Grad just claimed that both they and Google Health have subscriber numbers in excess of 6 figures. Surprisingly, then again maybe not, Grad is taking a lot of cheap shots at Google. States all in good fun but reminds me of the old saying… Many a truth is said in jest.
Grad now talking about the MS approach, portrays it as a platform, whereas he claims Google is taking a more application approach. Some truth to that statement, but he is over-reaching and it can not be explained that simply. Both are based on Cloud Computing models, both are platforms plays with repositories and SDKs for the developer community. They are both platforms and what we are increasingly referring to as Health Clouds.
While Grad did a great job of wrapping up the day, delivering a message that will keep the audience thinking for some time to come, this session left me puzzeled: I still did not know what they really meant by the term Health 3.0. Maybe it’s semantic interoperability, maybe it’s data liquidity or maybe it’s just another marketing term to keep the fires burning. Doing a Google search on the term you’ll get 5,530 hits, but you won;t get much clarity there either. For now, let’s keep the hype down and just look to deliver on the promises of delivering consumers applications that they will find value in, or instructive and hey, let’s throw a liitle fun in there as well.

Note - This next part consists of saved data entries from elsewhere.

lemma epsW2_distortion_tendsto_0:
  assumes F: "strict_cdf FX" "strict_cdf FY"
    and \<psi>: "\<forall>\<^sub>F n in sequentially. smooth_distortion (\<psi> n) (\<psi>' n)"
    and neg: "pos_part_negligible {0<..<1} (qdiff FX FY) \<psi>'"
  shows "((\<lambda>n. epsW2 (\<psi> n \<circ> FX) (\<psi> n \<circ> FY)) \<longlongrightarrow> 0) sequentially"
proof -
  obtain \<rho> where \<rho>: "(\<rho> \<longlongrightarrow> 0) sequentially" "\<forall>n. 0 \<le> \<rho> n"
    and ev: "\<forall>\<^sub>F n in sequentially. (\<integral>\<^sup>+v\<in>{0<..<1}. ennreal ((max (qdiff FX FY v) 0)\<^sup>2 * \<psi>' n v) \<partial>lborel)
      \<le> ennreal (\<rho> n) * (\<integral>\<^sup>+v. ennreal ((qdiff FX FY v)\<^sup>2 * \<psi>' n v) \<partial>lborel)"
    using neg unfolding pos_part_negligible_def by blast
  have "\<forall>\<^sub>F n in sequentially. 0 \<le> epsW2 (\<psi> n \<circ> FX) (\<psi> n \<circ> FY) \<and> epsW2 (\<psi> n \<circ> FX) (\<psi> n \<circ> FY) \<le> \<rho> n"
    using \<psi> ev
  proof eventually_elim
    case (elim n)
    have "(\<integral>\<^sup>+v\<in>{0<..<1}. ennreal ((max (qdiff FX FY v) 0)\<^sup>2 * \<psi>' n v) \<partial>lborel)
        = (\<integral>\<^sup>+v. ennreal ((max (qdiff FX FY v) 0)\<^sup>2 * \<psi>' n v) \<partial>lborel)"
      by (intro nn_integral_cong) (simp add: qdiff_def indicator_def)
    with elim have "(\<integral>\<^sup>+u. ennreal ((max (qdiff (\<psi> n \<circ> FX) (\<psi> n \<circ> FY) u) 0)\<^sup>2) \<partial>lborel)
        \<le> ennreal (\<rho> n) * (\<integral>\<^sup>+u. ennreal ((qdiff (\<psi> n \<circ> FX) (\<psi> n \<circ> FY) u)\<^sup>2) \<partial>lborel)"
      using nn_integral_qdiff_distortion[OF elim(1) F, of "\<lambda>x. (max x 0)\<^sup>2"]
        nn_integral_qdiff_distortion[OF elim(1) F, of "\<lambda>x. x\<^sup>2"]
      by (simp add: continuous_intros)
    then show ?case
      using epsW2_le[OF strict_cdf_distortion[OF elim(1) F(1)] strict_cdf_distortion[OF elim(1) F(2)]] \<rho>(2)
      by auto
  qed
  then show ?thesis
    using \<rho>(1) unfolding eventually_conj_iff by (elim conjE tendsto_sandwich[OF _ _ tendsto_const])
qed

lemma smooth_distortion_phi_mixture:
  assumes I: "finite I" "(\<Sum>i\<in>I. \<alpha> i) = 1" and \<alpha>: "\<And>i. i \<in> I \<Longrightarrow> 0 < \<alpha> i"
    and a: "\<And>i. i \<in> I \<Longrightarrow> a i \<le> 1" and n: "1 \<le> n"
  shows "smooth_distortion (\<lambda>u. \<Sum>i\<in>I. \<alpha> i * phi n (a i) u) (\<lambda>t. \<Sum>i\<in>I. \<alpha> i * dphi n (a i) t)"
proof -
  have "I \<noteq> {}" using I by auto
  have "((\<lambda>u. \<Sum>i\<in>I. \<alpha> i * phi n (a i) u) has_real_derivative (\<Sum>i\<in>I. \<alpha> i * dphi n (a i) t)) (at t)" for t
    by (intro DERIV_sum DERIV_cmult phi_has_real_derivative a n)
  moreover have "continuous_on {0..1} (\<lambda>t. \<Sum>i\<in>I. \<alpha> i * dphi n (a i) t)"
    by (intro continuous_intros continuous_on_dphi)
  moreover have "0 \<le> (\<Sum>i\<in>I. \<alpha> i * dphi n (a i) t)" if "t \<in> {0..1}" for t
    using that \<alpha> by (intro sum_nonneg mult_nonneg_nonneg dphi_nonneg) (auto simp: less_imp_le)
  moreover have "0 < (\<Sum>i\<in>I. \<alpha> i * dphi n (a i) t)" if "t \<in> {0<..<1}" for t
    using that \<alpha> a n I \<open>I \<noteq> {}\<close> by (intro sum_pos mult_pos_pos dphi_pos) auto
  moreover have "(\<Sum>i\<in>I. \<alpha> i * phi n (a i) 0) = 0" "(\<Sum>i\<in>I. \<alpha> i * phi n (a i) 1) = 1"
    using a n I by (simp_all add: phi_at_0 phi_at_1)
  ultimately show ?thesis unfolding smooth_distortion_def by blast
qed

Grad demonstrated what fun can do for a crowd that has sat through a long day of presentations – he made the learning fun. He made the audience engaged. Now, if we can just figure out how to package that in a Health Cloud construct and the applications it supports, then we will really be getting somewhere. With that we’d like to propose the following:
Let’s have Health 3.0 not be so much about uber-techie terms that most who mention them do not understand. No, let’s redefine Health 3.0 as applications and services that create environments which consumers truly enjoy, value, and use and maybe, just maybe, we’ll begin to see the behavioral changes needed to truly revolutionize healthcare in America.